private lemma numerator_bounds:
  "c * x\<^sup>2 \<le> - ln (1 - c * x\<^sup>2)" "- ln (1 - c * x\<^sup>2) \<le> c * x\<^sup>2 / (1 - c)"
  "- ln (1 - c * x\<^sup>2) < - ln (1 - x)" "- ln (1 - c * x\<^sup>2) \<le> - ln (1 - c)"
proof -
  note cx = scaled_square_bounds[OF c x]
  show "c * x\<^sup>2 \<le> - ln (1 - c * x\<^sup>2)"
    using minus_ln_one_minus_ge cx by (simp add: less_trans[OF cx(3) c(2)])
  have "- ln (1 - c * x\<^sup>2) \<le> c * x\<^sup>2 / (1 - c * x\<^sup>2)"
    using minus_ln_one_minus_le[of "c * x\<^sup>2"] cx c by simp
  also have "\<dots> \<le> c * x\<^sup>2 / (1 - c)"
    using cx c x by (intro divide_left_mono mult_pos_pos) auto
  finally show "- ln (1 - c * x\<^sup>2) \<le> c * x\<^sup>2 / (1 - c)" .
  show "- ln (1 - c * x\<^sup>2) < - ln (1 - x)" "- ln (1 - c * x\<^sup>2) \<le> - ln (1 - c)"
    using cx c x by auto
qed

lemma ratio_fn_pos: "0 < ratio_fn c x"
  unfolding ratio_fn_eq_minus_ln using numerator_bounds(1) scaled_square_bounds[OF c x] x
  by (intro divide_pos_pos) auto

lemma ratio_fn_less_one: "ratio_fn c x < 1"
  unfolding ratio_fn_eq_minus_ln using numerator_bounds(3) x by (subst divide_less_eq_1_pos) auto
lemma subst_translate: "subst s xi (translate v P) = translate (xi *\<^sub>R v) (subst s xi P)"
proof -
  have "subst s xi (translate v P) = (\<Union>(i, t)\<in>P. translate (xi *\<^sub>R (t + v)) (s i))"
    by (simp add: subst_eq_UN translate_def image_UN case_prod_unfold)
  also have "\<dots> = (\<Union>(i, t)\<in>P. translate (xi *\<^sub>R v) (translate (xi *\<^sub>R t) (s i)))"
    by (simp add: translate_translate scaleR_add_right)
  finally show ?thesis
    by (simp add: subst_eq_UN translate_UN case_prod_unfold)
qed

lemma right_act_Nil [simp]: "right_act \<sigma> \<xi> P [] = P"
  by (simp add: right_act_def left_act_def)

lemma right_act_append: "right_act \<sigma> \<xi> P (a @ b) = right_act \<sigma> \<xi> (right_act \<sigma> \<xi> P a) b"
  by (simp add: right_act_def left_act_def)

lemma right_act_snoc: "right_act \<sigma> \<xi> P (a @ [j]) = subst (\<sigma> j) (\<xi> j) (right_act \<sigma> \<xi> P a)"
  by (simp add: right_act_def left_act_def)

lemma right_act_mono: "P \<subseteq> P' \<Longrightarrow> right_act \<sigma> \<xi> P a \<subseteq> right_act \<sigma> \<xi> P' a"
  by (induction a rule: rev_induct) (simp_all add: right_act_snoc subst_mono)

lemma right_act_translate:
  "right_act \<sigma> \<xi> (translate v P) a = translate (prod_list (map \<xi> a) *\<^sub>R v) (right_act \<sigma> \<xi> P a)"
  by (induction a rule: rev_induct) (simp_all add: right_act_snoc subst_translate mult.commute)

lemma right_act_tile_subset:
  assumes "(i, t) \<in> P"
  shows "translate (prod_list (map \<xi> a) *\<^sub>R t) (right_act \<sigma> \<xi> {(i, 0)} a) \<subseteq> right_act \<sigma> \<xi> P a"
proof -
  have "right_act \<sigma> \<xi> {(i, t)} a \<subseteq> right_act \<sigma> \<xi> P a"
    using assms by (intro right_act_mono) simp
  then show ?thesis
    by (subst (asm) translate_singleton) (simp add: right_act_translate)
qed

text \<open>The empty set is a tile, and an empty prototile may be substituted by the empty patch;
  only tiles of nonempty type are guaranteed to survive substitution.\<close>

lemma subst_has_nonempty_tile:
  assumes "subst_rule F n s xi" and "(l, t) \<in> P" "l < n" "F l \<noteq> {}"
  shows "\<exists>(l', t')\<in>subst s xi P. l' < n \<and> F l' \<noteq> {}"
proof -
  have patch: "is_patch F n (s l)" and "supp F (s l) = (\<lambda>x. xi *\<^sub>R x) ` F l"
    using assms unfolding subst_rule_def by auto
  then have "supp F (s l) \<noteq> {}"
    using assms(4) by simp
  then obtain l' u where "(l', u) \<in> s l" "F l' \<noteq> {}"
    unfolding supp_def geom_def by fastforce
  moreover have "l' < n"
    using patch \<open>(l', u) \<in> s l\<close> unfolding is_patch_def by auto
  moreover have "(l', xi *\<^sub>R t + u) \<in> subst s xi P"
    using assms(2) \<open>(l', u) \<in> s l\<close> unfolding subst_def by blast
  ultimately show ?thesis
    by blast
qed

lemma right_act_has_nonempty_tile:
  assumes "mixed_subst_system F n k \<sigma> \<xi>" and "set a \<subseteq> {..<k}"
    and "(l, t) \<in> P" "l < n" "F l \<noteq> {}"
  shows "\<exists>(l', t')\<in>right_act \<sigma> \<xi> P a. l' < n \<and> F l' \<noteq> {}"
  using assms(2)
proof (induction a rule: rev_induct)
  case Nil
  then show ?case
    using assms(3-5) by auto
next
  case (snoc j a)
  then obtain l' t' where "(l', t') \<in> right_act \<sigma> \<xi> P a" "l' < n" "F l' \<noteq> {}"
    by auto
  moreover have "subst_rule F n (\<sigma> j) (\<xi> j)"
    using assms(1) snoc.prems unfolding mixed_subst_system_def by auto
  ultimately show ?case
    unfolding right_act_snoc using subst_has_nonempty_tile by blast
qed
**********
* AIM OF THE EXERCISE
Lines from the first one above through the line containing "using cx c x by (intro" are to be retyped exactly, both included, and nothing more.

* RESPONSE BELOW
private lemma numerator_bounds:
  "c * x\<^sup>2 \<le> - ln (1 - c * x\<^sup>2)" "- ln (1 - c * x\<^sup>2) \<le> c * x\<^sup>2 / (1 - c)"
  "- ln (1 - c * x\<^sup>2) < - ln (1 - x)" "- ln (1 - c * x\<^sup>2) \<le> - ln (1 - c)"
proof -
  note cx = scaled_square_bounds[OF c x]
  show "c * x\<^sup>2 \<le> - ln (1 - c * x\<^sup>2)"
    using minus_ln_one_minus_ge cx by (simp add: less_trans[OF cx(3) c(2)])
  have "- ln (1 - c * x\<^sup>2) \<le> c * x\<^sup>2 / (1 - c * x\<^sup>2)"
    using minus_ln_one_minus_le[of "c * x\<^sup>2"] cx c by simp
  also have "\<dots> \<le> c * x\<^sup>2 / (1 - c)"
    using cx c x by (intro divide_left_mono mult_pos_pos) auto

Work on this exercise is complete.